C How to check if an address is available for access?

How to check if an address is available for access?

Colleagues, I've been wanting to ask this question for many years.

If I access an address that is not part of the allocated memory area, for example, if I go beyond the boundaries of the allocated area, then I start having all sorts of nightmares - the program unloads an emergency memory dump, stops working, etc.

Is it possible, before accessing a certain pointer, to find out whether its value is associated with the allocated memory area? For example, a function like
C:
int isalloc (void *ptr)
?

I appreciate the answers,
Ogogon.
 
Don't even try. C can't give you that, it's your responsibility to keep track. The malloc(3) function doesn't map directly to operating system calls. If you use it to allocate a few bytes, either there's already room left in your mapped address space, or it would trigger a call to mmap(2) (which is a syscall), mapping you at least one entire page. Consequently, you could access any address in that page, which is just "undefined behavior" as far as C is concerned, and the OS won't have any objections because the page is mapped.
 
How to check if an address is available for access?
The standard technique is called "tombstoning".

When you free memory, you have some sort of meta-data which you can check for the memory's state. Ancient MacOS used to use this for its memory management strategy.

Another approach could be to mprotect(2) the freed data. But there are some limitations with this too.
 
You need to use Valgrind. Maybe sanitizers can do this as well.

You have two choices. The easiest requires no code instrumentation, just gdb.

  1. Open a terminal and run 'valgrind --vgdb-error=0 {your exe}. Valgrind will print instructions for attaching gdb using vgdb.
  2. Open a second terminal and run gdb and run the command printed in the first terminal.
  3. Set a break point and continue to it.
  4. If you get a gdb message about your auto load safe path do what it says - modify your ~/.gdbinit adding add-auto-load-safe-path. Kill the gdb inferior and redo steps 1 to 3.
  5. Now you can use the "mc" (memcheck) command. The subcommands that you are likely to need are
    check_memory addressable addr [len]
    check_memory defined addr [len]
    There is also "examine bits"
    xb addr [len]
Alternatively you can do the same sort of thing using annotation.
  • Include <valgrind/memcheck.h> in your source
  • Use VALGRIND_CHECK_MEM_IS_ADDRESSABLE(addr, len) to check addressability
  • Use VALGRIND_CHECK_MEM_IS_DEFINED(addr, len) to check definedness
There's no easy way to have the same functionality as the gdb "xb" command with annotation. You will need to use VALGRIND_GET_VBITS(addr, vbits_array, nbytes) which also means you need to create the vbits array somewhere. See this article for an example of using the VBITS annotation https://accu.org/journals/overload/20/110/floyd_1905/
 
Why and when you need this?
The observer pattern / C++'s std::weak_ptr<T> are an example of why this might be useful.
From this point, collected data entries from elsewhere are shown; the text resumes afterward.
lemma affinely_rigid_generic_large_hyperedge:
  assumes hg: "hypergraph V H" and d: "1 \<le> d" and card: "d + 2 \<le> card V"
    and p: "config V d p" and gen: "generic_config V d p" and rigid: "affinely_rigid V H d p"
  shows "\<exists>h\<in>H. Suc d \<le> card h"
proof (rule ccontr)
  assume "\<not> ?thesis"
  then have small: "card h \<le> d" if "h \<in> H" for h using that by (simp add: not_less_eq_eq)
  have "finite V" and edges: "\<And>h. h \<in> H \<Longrightarrow> h \<subseteq> V" using hg by (auto simp: hypergraph_def)
  obtain w where "w \<in> V" using card by fastforce
  define t :: "'a \<Rightarrow> real" where "t u = (if u = w then 1 else 0)" for u
  have "affine_of_config d p h t" if "h \<in> H" for h
  proof -
    have "insert w h \<subseteq> V" using edges[OF that] \<open>w \<in> V\<close> by blast
    then have "finite (insert w h)" using \<open>finite V\<close> by (rule finite_subset)
    then have "card (insert w h) \<le> Suc d" using small[OF that] by (simp add: card_insert_if)
    then obtain S where "insert w h \<subseteq> S" "S \<subseteq> V" "card S = Suc d"
      using exists_subset_between[of "insert w h" "Suc d" V] \<open>insert w h \<subseteq> V\<close> card \<open>finite V\<close>
      by auto
    then show ?thesis
      using affine_of_config_subset[OF generic_affine_interpolation[OF gen \<open>finite V\<close>]] by blast
  qed
  then have "affine_of_config d p V t"
    using affinely_rigid_affine_of_config[OF hg d p rigid] by blast
  have "Suc d \<le> card (V - {w})" using card \<open>finite V\<close> \<open>w \<in> V\<close> by simp
  then obtain S where S: "S \<subseteq> V - {w}" "card S = Suc d" by (meson obtain_subset_with_card_n)
  then have "\<forall>u\<in>S. t u = 0" by (auto simp: t_def)
  then have "\<forall>u\<in>V. t u = 0"
    using generic_affine_agree[OF gen \<open>finite V\<close> _ \<open>card S = Suc d\<close>] S(1)
      \<open>affine_of_config d p V t\<close> affine_of_config_const by blast
  then have "t w = 0" using \<open>w \<in> V\<close> by blast
  then show False by (simp add: t_def)
qed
I.e imagine in a game, you have an enemy targeting another enemy. If the second enemy gets killed (i.e falling off a cliff), the original enemies target variable automatically gets set to NULL as a flag that it should target something else rather than potentially risking accessing invalid memory (or needing to manually handle a "target_has_died" event).
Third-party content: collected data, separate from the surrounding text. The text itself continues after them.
lemma choice_of_chosen_edges:
  assumes "length cs = s - 1"
  shows "choice_of (chosen_edges cs) = cs"
proof (rule nth_equalityI)
  show "length (choice_of (chosen_edges cs)) = length cs"
    using assms by (simp add: choice_of_def)
  fix i assume "i < length (choice_of (chosen_edges cs))"
  then have i: "i < s - 1" by (simp add: choice_of_def)
  have X: "xpos (Suc i) \<ge> 1" using xpos_ge[of "Suc i"] by simp
  have "choice_of (chosen_edges cs) ! i =
      (((xpos (Suc i) - 1, N - xpos (Suc i)), target (Suc i)) \<in> chosen_edges cs)"
    using i by (simp add: choice_of_def)
  also have "\<dots> = ((xpos (Suc i) - 1, N - xpos (Suc i)) = predecessor cs (Suc i))"
    using i target_inj unfolding chosen_edges_def by auto
  also have "\<dots> = from_left cs (Suc i)"
    using X by (auto simp: predecessor_def)
  also have "\<dots> = cs ! i"
    using i by (auto simp: from_left_def)
  finally show "choice_of (chosen_edges cs) ! i = cs ! i" .
qed

lemma predecessor_choice_of:
  assumes E: "E \<in> in_edge_choices (target ` {..s})" and l: "l \<le> s"
    and u: "(u, target l) \<in> E"
  shows "u = predecessor (choice_of E) l"
proof -
  have unique: "u' = u" if "(u', target l) \<in> E" for u'
    using E u that l unfolding in_edge_choices_def by blast
  have "Qplus_edge u (target l)"
    using E u unfolding in_edge_choices_def by blast
  then have cases: "(xpos l \<ge> 1 \<and> u = (xpos l - 1, N - xpos l)) \<or>
      (N - xpos l \<ge> 1 \<and> u = (xpos l, N - xpos l - 1))"
    unfolding target_def by (rule Qplus_edge_into)
  consider "l = 0" | "l = s" | "0 < l" "l < s" by (metis l le_neq_implies_less not_gr0)
  then show ?thesis
  proof cases
    case 1
    then show ?thesis using cases s_pos by (auto simp: predecessor_def from_left_def)
  next
    case 2
    then show ?thesis using cases by (auto simp: predecessor_def from_left_def N_def)
  next
    case 3
    moreover have "l - 1 < s - 1" "Suc (l - 1) = l" using 3 by simp_all
    ultimately have "from_left (choice_of E) l = (((xpos l - 1, N - xpos l), target l) \<in> E)"
      by (simp add: from_left_def choice_of_def)
    then show ?thesis
      using cases u unique[of "(xpos l - 1, N - xpos l)"] by (auto simp: predecessor_def)
  qed
qed

lemma chosen_edges_choice_of:
  assumes E: "E \<in> in_edge_choices (target ` {..s})"
  shows "chosen_edges (choice_of E) = E"
proof (intro equalityI subsetI)
  fix e assume "e \<in> chosen_edges (choice_of E)"
  then obtain l where l: "l \<le> s" "e = (predecessor (choice_of E) l, target l)"
    unfolding chosen_edges_def by blast
  moreover obtain u where "(u, target l) \<in> E"
    using E l unfolding in_edge_choices_def by blast
  ultimately show "e \<in> E" using predecessor_choice_of[OF E] by metis
next
  fix e assume e: "e \<in> E"
  then obtain u l where "e = (u, target l)" "l \<le> s"
    using E unfolding in_edge_choices_def by blast
  then show "e \<in> chosen_edges (choice_of E)"
    using predecessor_choice_of[OF E] e unfolding chosen_edges_def by blast
qed

lemma bij_betw_chosen_edges:
  "bij_betw chosen_edges {cs. length cs = s - 1} (in_edge_choices (target ` {..s}))"
proof (rule bij_betw_byWitness[where f' = choice_of])
  show "choice_of ` in_edge_choices (target ` {..s}) \<subseteq> {cs. length cs = s - 1}"
    by (auto simp: choice_of_def)
qed (auto simp: choice_of_chosen_edges chosen_edges_choice_of chosen_edges_in_edge_choices)

lemma V_count_incr_all:
  "V_count (fold incr_at [0..<s] k) =
    (\<Sum>cs | length cs = s - 1. V_count (fold incr_at (pick_indices [0..<s - 1] cs) k))"
proof -
  have "V_count (fold incr_at [0..<s] k) = card (tree_faces (target ` {..s}))"
    by (simp add: V_count_eq_card_tree_faces T_of_incr_all)
  also have "\<dots> = (\<Sum>E\<in>in_edge_choices (target ` {..s}). card (tree_faces (Domain E)))"
    using level_target N_pos by (intro card_tree_faces_eq_sum[where n = "N - 1"]) auto
  also have "\<dots> = (\<Sum>cs | length cs = s - 1. card (tree_faces (Domain (chosen_edges cs))))"
    by (rule sum.reindex_bij_betw[OF bij_betw_chosen_edges, symmetric])
  also have "\<dots> = (\<Sum>cs | length cs = s - 1.
      V_count (fold incr_at (pick_indices [0..<s - 1] cs) k))"
  proof (rule sum.cong[OF refl])
    fix cs :: "bool list" assume "cs \<in> {cs. length cs = s - 1}"
    then have "Domain (chosen_edges cs) = T_of (fold incr_at (pick_indices [0..<s - 1] cs) k)"
      using T_of_picks[of cs] Domain_chosen_edges[of cs] by simp
    then show "card (tree_faces (Domain (chosen_edges cs))) =
        V_count (fold incr_at (pick_indices [0..<s - 1] cs) k)"
      by (simp add: V_count_eq_card_tree_faces)
  qed
  finally show ?thesis .
qed

end

section \<open>The differential operators on exponential generating functions\<close>

lemma prod_list_fact_incr_at:
  "j < length k \<Longrightarrow>
    prod_list (map fact (incr_at j k)) = Suc (k ! j) * (prod_list (map fact k) :: nat)"
  unfolding incr_at_def
  by (induction k arbitrary: j) (auto simp: algebra_simps split: nat.split)

lemma foldr_pd_egf:
  fixes c :: "nat list \<Rightarrow> real" and s :: nat
  defines "f \<equiv> \<lambda>k. if length k = s then c k / real (prod_list (map fact k)) else 0"
  assumes "\<forall>j\<in>set js. j < s"
  shows "foldr pd js f k =
    (if length k = s then c (fold incr_at js k) / real (prod_list (map fact k)) else 0)"
  using assms(2)
proof (induction js arbitrary: k)
  case Nil
  then show ?case by (simp add: f_def)
next
  case (Cons j js)
  have "foldr pd (j # js) f k = real (Suc (k ! j)) * foldr pd js f (incr_at j k)"
    by (simp add: pd_def incr_at_def)
  also have "\<dots> = real (Suc (k ! j)) *
      (if length k = s then c (fold incr_at js (incr_at j k)) /
        real (prod_list (map fact (incr_at j k))) else 0)"
    using Cons by (simp add: incr_at_def)
  also have "\<dots> = (if length k = s then c (fold incr_at (j # js) k) /
      real (prod_list (map fact k)) else 0)"
  proof (cases "length k = s")
    case True
    have "real (prod_list (map fact (incr_at j k))) =
        real (Suc (k ! j)) * real (prod_list (map fact k))"
      using True Cons.prems prod_list_fact_incr_at[of j k] by (metis list.set_intros(1) of_nat_mult)
    moreover have "(0::real) < real (prod_list (map fact k))"
      by (induction k) auto
    ultimately show ?thesis
      using True by (simp del: of_nat_Suc)
  qed simp
  finally show ?case .
qed

lemma foldr_pd_pair_sum:
  "foldr (\<lambda>i g. (\<lambda>k. pd i g k + pd (Suc i) g k)) is f k =
   (\<Sum>cs | length cs = length is. foldr pd (pick_indices is cs) f k)"
proof (induction "is" arbitrary: k)
  case Nil
  have "{cs :: bool list. length cs = 0} = {[]}" by auto
  then show ?case by (simp add: pick_indices_def)
next
  case (Cons i "is")
  let ?A = "{cs :: bool list. length cs = length is}"
  have lists: "{cs :: bool list. length cs = length (i # is)} = (Cons False) ` ?A \<union> (Cons True) ` ?A"
    by (auto simp: length_Suc_conv)
  have fin: "finite ?A"
    using finite_lists_length_eq[of "UNIV :: bool set" "length is"] by simp
  let ?G = "foldr (\<lambda>i g. (\<lambda>k. pd i g k + pd (Suc i) g k)) is f"
  have G: "?G = (\<lambda>k. \<Sum>cs\<in>?A. foldr pd (pick_indices is cs) f k)"
    using Cons.IH by (simp add: fun_eq_iff)
  have pd_sum: "pd j (\<lambda>k. \<Sum>cs\<in>?A. h cs k) k = (\<Sum>cs\<in>?A. pd j (h cs) k)" for j h k
    by (simp add: pd_def sum_distrib_left)
  have "foldr (\<lambda>i g. (\<lambda>k. pd i g k + pd (Suc i) g k)) (i # is) f k = pd i ?G k + pd (Suc i) ?G k"
    by simp
  also have "\<dots> = (\<Sum>cs\<in>?A. foldr pd (i # pick_indices is cs) f k) +
      (\<Sum>cs\<in>?A. foldr pd (Suc i # pick_indices is cs) f k)"
    unfolding G pd_sum by simp
  also have "\<dots> = (\<Sum>cs | length cs = length (i # is). foldr pd (pick_indices (i # is) cs) f k)"
    unfolding lists using fin
    by (subst sum.union_disjoint) (auto simp: sum.reindex pick_indices_def)
  finally show ?case .
qed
Whether it gets set to NULL or if some kind of mechanism passively returns NULL during the check, ends with similar results.
 
I.e imagine in a game, you have an enemy targeting another enemy. If the second enemy gets killed (i.e falling off a cliff), the original enemies target variable automatically gets set to NULL as a flag that it should target something else rather than potentially risking accessing invalid memory (or needing to manually handle a "target_has_died" event).
If I implement this game, I will keep the object of killed enemy undestroyed with flag like killed/dead and the pointer will be valid. There is at least existing corpse of the enemy for some seconds.
 
This is actually quite tricky as the faulting instruction needs to be ignored after handling the SIGSEGV. Quite complex on x64. Perhaps long-jumps could help.

You can just establish a mapping under the failing pointer in the signal handler :D
 
Some options:
  • Walk /proc/<my-pid>/map to find your address (or not)
  • Catch the SIGSEGV signal
  • Fork and see whether the child segfaults

OP isn't clear whether the need is only for accessible memory or if it is also for valid memory.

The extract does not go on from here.